Mali Journal
Mali Journal: Tracking Down the Tuareg
04/02/201322:11At sunset, the Niger River upstream from the city of Mopti in central Mali, with its gently sloping banks and stubbly greenery, looks just like the Russian countryside (plus longboats), especially given the drizzle. This is unexpected, but after nearly a week in-country we’d gotten used to that feeling. After all, we never expected to be tracking down desert nomads by boat either, did we?
The war in Mali, at the core, is about the Tuareg: Long history of grievances notwithstanding, a separatist faction of this nomadic people started it. Some locals call the entire ethnic group a bunch of al-Qaeda-loving separatists; others say most of Mali's 500,000 Tuareg get a bad rap from a bunch of radicals. So we thought we would track down someone from the Tuareg diaspora in the south, far from the self-proclaimed state of Azawad (a swath of desert bigger than France), and ask what they thought.
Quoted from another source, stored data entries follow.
(* Let $G=(V,E)$ be an $n$-vertex graph and $\pi\colon[n]\to V$ a fixed bijection. If the longest dependency path with respect to $\pi$ has length $2l+1$ (with $l\ge 0$), then the parallel greedy MIS algorithm run on $G$ with the order $\pi$ terminates within at most $l+1$ rounds.
   Context: Parallel greedy MIS with a fixed order $\pi\colon[n]\to V$ (a bijection; $\pi(i)$ is the vertex at position $i$): in each round, every remaining vertex whose position is smaller than the positions of all its remaining neighbors is added to the independent set, and these vertices together with all their neighbors are removed; rounds are counted until no vertex remains. Let $V^*\subseteq V$ be the MIS produced by the sequential greedy algorithm that processes $\pi(1),\dots,\pi(n)$ in this order and adds a vertex iff none of its neighbors was added before. For $v\notin V^*$, its inhibitor $\mathrm{inhib}(v)$ is the neighbor of $v$ in $V^*$ with minimum position. A sequence of positions $1\le p_1<\dots<p_{2l+1}\le n$ ($l\ge 0$) forms a dependency path of length $2l+1$ (with respect to $\pi$) if (i) $(\pi(p_1),\dots,\pi(p_{2l+1}))$ is a path in $G$; (ii) $\pi(p_k)\in V^*$ for all odd $k$; (iii) $\pi(p_k)\notin V^*$ for all even $k$; (iv) $\pi(p_{k-1})=\mathrm{inhib}(\pi(p_k))$ for all even $k$. The dependency length is the maximum length of a dependency path. *)

theory Defs
  imports Main
begin

definition simple_graph :: "'a set \<Rightarrow> ('a \<Rightarrow> 'a \<Rightarrow> bool) \<Rightarrow> bool" where
  "simple_graph V E \<longleftrightarrow> finite V \<and> (\<forall>u v. E u v \<longrightarrow> u \<in> V \<and> v \<in> V)
     \<and> (\<forall>u v. E u v \<longrightarrow> E v u) \<and> (\<forall>v. \<not> E v v)"

fun seq_greedy :: "(nat \<Rightarrow> 'a) \<Rightarrow> ('a \<Rightarrow> 'a \<Rightarrow> bool) \<Rightarrow> nat \<Rightarrow> 'a set" where
  "seq_greedy \<pi> E 0 = {}"
| "seq_greedy \<pi> E (Suc k) =
     (if (\<exists>u\<in>seq_greedy \<pi> E k. E u (\<pi> (Suc k))) then seq_greedy \<pi> E k
      else insert (\<pi> (Suc k)) (seq_greedy \<pi> E k))"

definition greedy_mis :: "nat \<Rightarrow> (nat \<Rightarrow> 'a) \<Rightarrow> ('a \<Rightarrow> 'a \<Rightarrow> bool) \<Rightarrow> 'a set" where
  "greedy_mis n \<pi> E = seq_greedy \<pi> E n"

definition inhib :: "nat \<Rightarrow> (nat \<Rightarrow> 'a) \<Rightarrow> ('a \<Rightarrow> 'a \<Rightarrow> bool) \<Rightarrow> 'a \<Rightarrow> 'a" where
  "inhib n \<pi> E v = \<pi> (LEAST i. i \<in> {1..n} \<and> \<pi> i \<in> greedy_mis n \<pi> E \<and> E (\<pi> i) v)"

text \<open>A dependency path, given as the list of positions [p_1, ..., p_{2l+1}]
  (list index j corresponds to p_{j+1}).\<close>
definition dep_path :: "nat \<Rightarrow> (nat \<Rightarrow> 'a) \<Rightarrow> ('a \<Rightarrow> 'a \<Rightarrow> bool) \<Rightarrow> nat list \<Rightarrow> bool" where
  "dep_path n \<pi> E ps \<longleftrightarrow>
     odd (length ps) \<and> set ps \<subseteq> {1..n} \<and> sorted_wrt (<) ps
   \<and> (\<forall>j. Suc j < length ps \<longrightarrow> E (\<pi> (ps ! j)) (\<pi> (ps ! Suc j)))
   \<and> (\<forall>j < length ps. even j \<longrightarrow> \<pi> (ps ! j) \<in> greedy_mis n \<pi> E)
   \<and> (\<forall>j < length ps. odd j \<longrightarrow> \<pi> (ps ! j) \<notin> greedy_mis n \<pi> E
        \<and> \<pi> (ps ! (j - 1)) = inhib n \<pi> E (\<pi> (ps ! j)))"

definition par_selected :: "nat \<Rightarrow> (nat \<Rightarrow> 'a) \<Rightarrow> ('a \<Rightarrow> 'a \<Rightarrow> bool) \<Rightarrow> 'a set \<Rightarrow> 'a set" where
  "par_selected n \<pi> E R = {\<pi> i | i. i \<in> {1..n} \<and> \<pi> i \<in> R \<and>
      (\<forall>j\<in>{1..n}. \<pi> j \<in> R \<and> E (\<pi> i) (\<pi> j) \<longrightarrow> i < j)}"

definition par_round :: "nat \<Rightarrow> (nat \<Rightarrow> 'a) \<Rightarrow> ('a \<Rightarrow> 'a \<Rightarrow> bool) \<Rightarrow> 'a set \<Rightarrow> 'a set" where
  "par_round n \<pi> E R = R - (par_selected n \<pi> E R \<union>
      {u \<in> R. \<exists>v \<in> par_selected n \<pi> E R. E v u})"

definition remaining :: "nat \<Rightarrow> (nat \<Rightarrow> 'a) \<Rightarrow> ('a \<Rightarrow> 'a \<Rightarrow> bool) \<Rightarrow> 'a set \<Rightarrow> nat \<Rightarrow> 'a set" where
  "remaining n \<pi> E V k = (par_round n \<pi> E ^^ k) V"

end

theory Submission
  imports Defs
begin

(* Once a vertex of the greedy MIS V* has left the parallel process, so have all its neighbours:
   a vertex of V* can only leave by being selected, never as the neighbour of a selected vertex s,
   because s would then lie outside V* and its earlier neighbour in V* would have to be gone
   already, taking s with it.
   Hence a vertex p of V* that survives round k+1 is blocked by a smaller neighbour j outside V*
   that is still present, and the inhibitor i of j survives round k.  Appending j, p to a
   dependency path ending at i yields one ending at p, so by induction on k a vertex of V* whose
   dependency paths have length at most 2k+1 is gone after k+1 rounds.  Every vertex outside V*
   is gone together with its neighbours in V*. *)

lemma sorted_wrt_less_le_last:
  "sorted_wrt (<) xs \<Longrightarrow> x \<in> set xs \<Longrightarrow> x \<le> (last xs :: nat)"
  by (induction xs) (auto simp: less_imp_le)

lemma dep_path_append_pair:
  assumes path: "dep_path n \<pi> E ps" and "last ps = i"
    and "i < j" "j < p" "j \<in> {1..n}" "p \<in> {1..n}"
    and "E (\<pi> i) (\<pi> j)" "E (\<pi> j) (\<pi> p)"
    and "\<pi> j \<notin> greedy_mis n \<pi> E" "\<pi> p \<in> greedy_mis n \<pi> E"
    and "inhib n \<pi> E (\<pi> j) = \<pi> i"
  shows "dep_path n \<pi> E (ps @ [j, p])"
proof -
  obtain m where m: "length ps = Suc m"
    using path by (cases ps) (auto simp: dep_path_def)
  have "ps \<noteq> []"
    using m by auto
  then have "ps ! m = i"
    using \<open>last ps = i\<close> m by (simp add: last_conv_nth)
  moreover have "\<forall>x \<in> set ps. x \<le> i"
    using path \<open>last ps = i\<close> sorted_wrt_less_le_last by (auto simp: dep_path_def)
  moreover have "(ps @ [j, p]) ! t = ps ! t" if "t \<le> m" for t
    using that m by (simp add: nth_append)
  moreover have "(ps @ [j, p]) ! Suc m = j" "(ps @ [j, p]) ! Suc (Suc m) = p"
    using m by (simp_all add: nth_append)
  ultimately show ?thesis
    using path assms m unfolding dep_path_def
    by (auto simp: sorted_wrt_append less_Suc_eq)
qed

lemma dep_path_singleton: "i \<in> {1..n} \<Longrightarrow> \<pi> i \<in> greedy_mis n \<pi> E \<Longrightarrow> dep_path n \<pi> E [i]"
  by (simp add: dep_path_def)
Ahead of our trip, I’d collected a small hoard of Tuareg phone numbers, Facebook links and Skype contacts (even one whose profile photo looked like an evil jinn with bad teeth and a salesman's smile). But messages were not returned, potential sources didn’t come online, and the people I reached by phone were based in Mauritania, Burkina-Faso and Britain, spoke only bad French and/or asked me to call them later.
We found no Tuaregs on our arrival in the capital, Bamako, where they are said to have run numerous souvenir businesses. Once, our guide pointed out a policeman who looked like an ethnic Tuareg, but the cop, scowling as he manned a roadblock, didn’t look keen to talk.
On our way north, we passed the shanties built by migrating Tuareg to camp for the night with their herds. The shanties were empty.
I found peddlers in Mopti selling Tuareg headscarves tied to long sticks and bought one. The black Songhai people, who live in these parts, also use this headgear, but our guide warned me that, if I wear it, I might get mistaken for a Tuareg in the streets, given my relatively fair skin and goatee – which could lead to a beating. I stashed the scarf away.
Then, one of the peddlers pointed us to the other side of the river and said that, before the war, the Tuareg lived there. They had all disappeared – by their own volition or someone else’s, it wasn’t clear – and their houses were occupied by squatters, he said, but perhaps we would still want to check it out?
Local officials took the possibility of finding Tuareg on the opposite shore seriously – to the point of dispatching a gendarme to protect us. He was unarmed, but wore Matrix-style shades and a trench coat to match, with an orange life vest over it. We chartered a longboat and crossed the river.
The houses on the other side were clay, the pathways narrow, kids and goats were everywhere – in other words, a typical Malian village. One distinguishing feature was topless teen girls soaping themselves on shore, laughing as we landed. Another was fish, which was everywhere and stank to high heaven. The boatman called the people we saw “river nomads,” fishermen who follow the high water and would leave the place in a couple of months.
They had not kicked out the 70-plus Tuareg families living here before, the fishermen said; nobody had. The Tuareg just got up and stole away in the night right before Azawad was proclaimed.
To prove there had been no pogroms, the fishermen showed us a small barn allegedly housing stuff the Tuareg had not taken with them. The padlock was intact.
“These guys have always denounced Tuareg separatists during previous rebellions,” our boatman, Ishmael, said about the vanished nomads. (There have been three major Tuareg uprisings since Mali became independent in 1960.)
“But days after they left, we caught one of them on television standing among the MUJAO,” he added, referring to one of the three main groups of Azawad Islamists. He sounded hurt and unbelieving, a tone many black Malians adopt when talking about their missing Tuareg neighbors.
Throughout our trip, I had been asking people what they thought about the possibility of letting Azawad go (everybody says no). Here I changed my tune and asked Garba Kwanta, a village official who came out to greet us, whether he believed things would be able to go back to the way they’d been before, and he would live side by side with the Tuareg again, like he had for the past 30 years, by his own count.
“I think only their women will be able to return,” Kwanta said. “They left because their men left. But the men, no. You need to be completely shameless for that. I think they would be embarrassed.”
He avoided talking about his own feelings.
On the last day of our trip (Wednesday), we met a Tuareg lawmaker from the national parliament, living peacefully in Bamako. He told us that only about 3,000 of Mali’s 500,000 Tuareg live outside the desert, and most of them had fled to neighboring countries when the rebellion began, fearing retribution by their non-Tuareg compatriots.